Through subsidiary Lead Hero Ltd., Walsin Lihwa fully acquired the solar-cell maker for around US$25 million and 15.05% of the polycrystalline manufacturer, a significant PV investment of around US$160 million planned by the Shannxi Provincial Government.

The solar-cell plant's annual capacity is 20MW while the polycrystalline plant's designed annual capacity is 4,250 metric tons, with the first line already producing 1,250 tons a year.

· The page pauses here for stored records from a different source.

(* For every integer $j\ge 0$, $$\sum_{n=1}^{\infty}\frac{4^n}{n^2\binom{2n}{n}}\,t_n^{\star}(\{2\}_j)=8\sum_{k=0}^{2j}(-1)^k\,\beta(k+1)\,\beta(2j-k+1).$$
   Context: For integers $n\ge 1$ and $j\ge 0$, the multiple $t$-harmonic star sum of depth $j$ and weight $2j$ is $$t_n^{\star}(\{2\}_j)=\sum_{n\ge k_1\ge\dots\ge k_j\ge 1}\prod_{i=1}^j\frac{1}{(2k_i-1)^2},$$ equivalently $t_n^{\star}(\emptyset)=1$ and $t_n^{\star}(\{2\}_j)=\sum_{k=1}^n \frac{t_k^{\star}(\{2\}_{j-1})}{(2k-1)^2}$ for $j\ge1$. The Dirichlet beta function is $\beta(m)=\sum_{k=1}^\infty \frac{(-1)^{k-1}}{(2k-1)^m}$ for integers $m\ge1$ (so $\beta(1)=\pi/4$). *)

theory Defs
  imports "HOL-Analysis.Analysis"
begin

fun tstar2 :: "nat \<Rightarrow> nat \<Rightarrow> real" where
  "tstar2 0 n = 1"
| "tstar2 (Suc j) n = (\<Sum>k=1..n. tstar2 j k / (2 * real k - 1)^2)"

text \<open>Dirichlet beta function at positive integers m:
  beta(m) = sum_{k>=1} (-1)^(k-1)/(2k-1)^m, written with index k = i+1.\<close>
definition dbeta :: "nat \<Rightarrow> real" where
  "dbeta m = (\<Sum>i. (-1)^i / (2 * real i + 1)^m)"

end

theory Submission
  imports Defs
begin

(*
  The star sums are complete homogeneous symmetric functions of the numbers 1/(2k-1)^2,
  so partial fractions give t_n^*({2}_j) = sum_k c(n,k) / (2k-1)^(2j), and the weight
  4^n / (n^2 C(2n,n)) turns c(n,k) into (-1)^(k-1) 4/(2k-1) e(n,k) with
  e(n,k) = C(2n,n-k) (n+k) / (4^n n^2).  A Wilf-Zeilberger pair shows that the column
  sums E(k) = sum_n e(n,k) satisfy E(k) + E(k+1) = 2/k, exactly like 2 L(k) for the
  alternating tails L(k) = sum_b (-1)^b / (k+b); as both are O(1/k), E(k) = 2 L(k).
  Hence the left-hand side is 8 sum_a (-1)^a L(a+1) / (2a+1)^(2j+1).  On the right, the
  products beta(k+1) beta(2j-k+1) are expanded over a square of indices a, b; summing the
  geometric progression in k leaves (1/p^(2j+1) + 1/q^(2j+1)) / (p+q) with p = 2a+1,
  q = 2b+1, and symmetrising in a, b produces the same series.  In both truncations the
  error terms are alternating sums with decreasing terms, which vanish in the limit.
*)

section \<open>Alternating sums\<close>

lemma alternating_sum_bounds:
  fixes c :: "nat \<Rightarrow> real"
  assumes "\<And>i. 0 \<le> c i" and "\<And>i. c (Suc i) \<le> c i"
  shows "0 \<le> (\<Sum>i<n. (-1)^i * c i) \<and> (\<Sum>i<n. (-1)^i * c i) \<le> c 0"
  using assms
proof (induction n arbitrary: c)
  case 0
  then show ?case by simp
next
  case (Suc n)
  have "0 \<le> (\<Sum>i<n. (-1)^i * c (Suc i)) \<and> (\<Sum>i<n. (-1)^i * c (Suc i)) \<le> c (Suc 0)"
    using Suc.prems by (intro Suc.IH) auto
  moreover have "(\<Sum>i<Suc n. (-1)^i * c i) = c 0 - (\<Sum>i<n. (-1)^i * c (Suc i))"
    by (subst sum.lessThan_Suc_shift) (simp add: sum_negf)
  ultimately show ?case
    using Suc.prems(1)[of 0] Suc.prems(2)[of 0] by simp
qed
lemma null_error_rate:
  assumes c: "c > 0" and s: "\<sigma> > 0" and \<eta>: "\<eta> > 0" and p: "p \<ge> 1" and \<beta>: "\<beta> \<in> Theta0 p"
  shows "measure (law_y p \<sigma> \<beta>) {y \<in> space (law_y p \<sigma> \<beta>).
           spectral_scan p (c / sqrt (real (p^2))) y > \<eta>^2 / 8}
         \<le> 8 * (18 + 8 * c) * (real (p^2) powr (3/8) / (\<eta> / \<sigma>))^2"
proof -
  let ?\<rho> = "c / sqrt (real (p^2))"
  let ?q = "real (p^2) powr (3/8)"
  obtain b where b: "b > 0"
    and rate: "2 * real (card (block_index b ` grid_V p)) + 8 * real b ^ 2 * ?\<rho> * real (card (grid_V p))
                 \<le> (18 + 8 * c) * ?q^2"
    using block_size_choice[OF p c] by blast
  have "measure (law_y p \<sigma> \<beta>) {y \<in> space (law_y p \<sigma> \<beta>). spectral_scan p ?\<rho> y > \<eta>^2 / 8}
      \<le> \<sigma>^2 * (2 * real (card (block_index b ` grid_V p)) + 8 * real b ^ 2 * ?\<rho> * real (card (grid_V p)))
          / (\<eta>^2 / 8)"
    using c \<eta> by (intro null_error_le[OF s b _ _ \<beta>]) auto
  also have "\<dots> \<le> \<sigma>^2 * ((18 + 8 * c) * ?q^2) / (\<eta>^2 / 8)"
    using rate \<eta> by (intro divide_right_mono mult_left_mono) auto
  also have "\<dots> = 8 * (18 + 8 * c) * (?q / (\<eta> / \<sigma>))^2"
    using s \<eta> by (simp add: field_simps)
  finally show ?thesis .
qed

lemma alt_error_rate:
  assumes s: "\<sigma> > 0" and \<eta>: "\<eta> > 0" and p: "p \<ge> 1" and \<beta>: "\<beta> \<in> Theta1 p \<rho> \<eta>"
  shows "measure (law_y p \<sigma> \<beta>) {y \<in> space (law_y p \<sigma> \<beta>). \<not> spectral_scan p \<rho> y > \<eta>^2 / 8}
         \<le> 4 * (real (p^2) powr (3/8) / (\<eta> / \<sigma>))^2"
proof -
  have q1: "1 \<le> real (p^2) powr (3/8)" using p by (intro ge_one_powr_ge_zero) auto
  have "4 * \<sigma>^2 / \<eta>^2 = 4 * (1 / (\<eta> / \<sigma>))^2" using s by (simp add: power_divide)
  also have "\<dots> \<le> 4 * (real (p^2) powr (3/8) / (\<eta> / \<sigma>))^2"
    using q1 s \<eta> by (intro mult_left_mono power_mono divide_right_mono) auto
  finally show ?thesis using alt_error_le[OF s \<eta> \<beta>] by linarith
qed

Industry executives say that Shannxi has become home to Walsin Lihwa's renewable-energy investments in addition to LED manufacturing, predicting such investments in solar production facilitate corporate growth in renewable-energy business in China.

Capacity Expansion

High demand is pushing Green Energy Technology Inc. (GET), a crystalline silicon venture owned by the Tatung Group, to expand capacity again after completing one expansion project in the first quarter, with its output to be raised to one GW of silicon by the end of this year from the first-quarter's 410 MW. Company president H.L. Lin says flooding orders are forcing its second expansion ahead of schedule.

The company on May 19 announced it would double capital expenditure for this year to approximately US$125 million.

Based on bold expansions launched by Taiwan's PV manufacturers, the Ministry of Economic Affairs recently forecast the island's PV industry revenue to soar to US$14 billion in 2015, up from 2009's US$3.16 billion.

However, the Photovoltaics Technology Center of the government-backed Industrial Technology Research Institute says, despite Taiwan's ranking as globally No.4 supplier of solar cells that generated over 70% of 2009 revenue, the island's PV industry needs to master PV material and production-equipment making technologies to achieve the 2015 goal.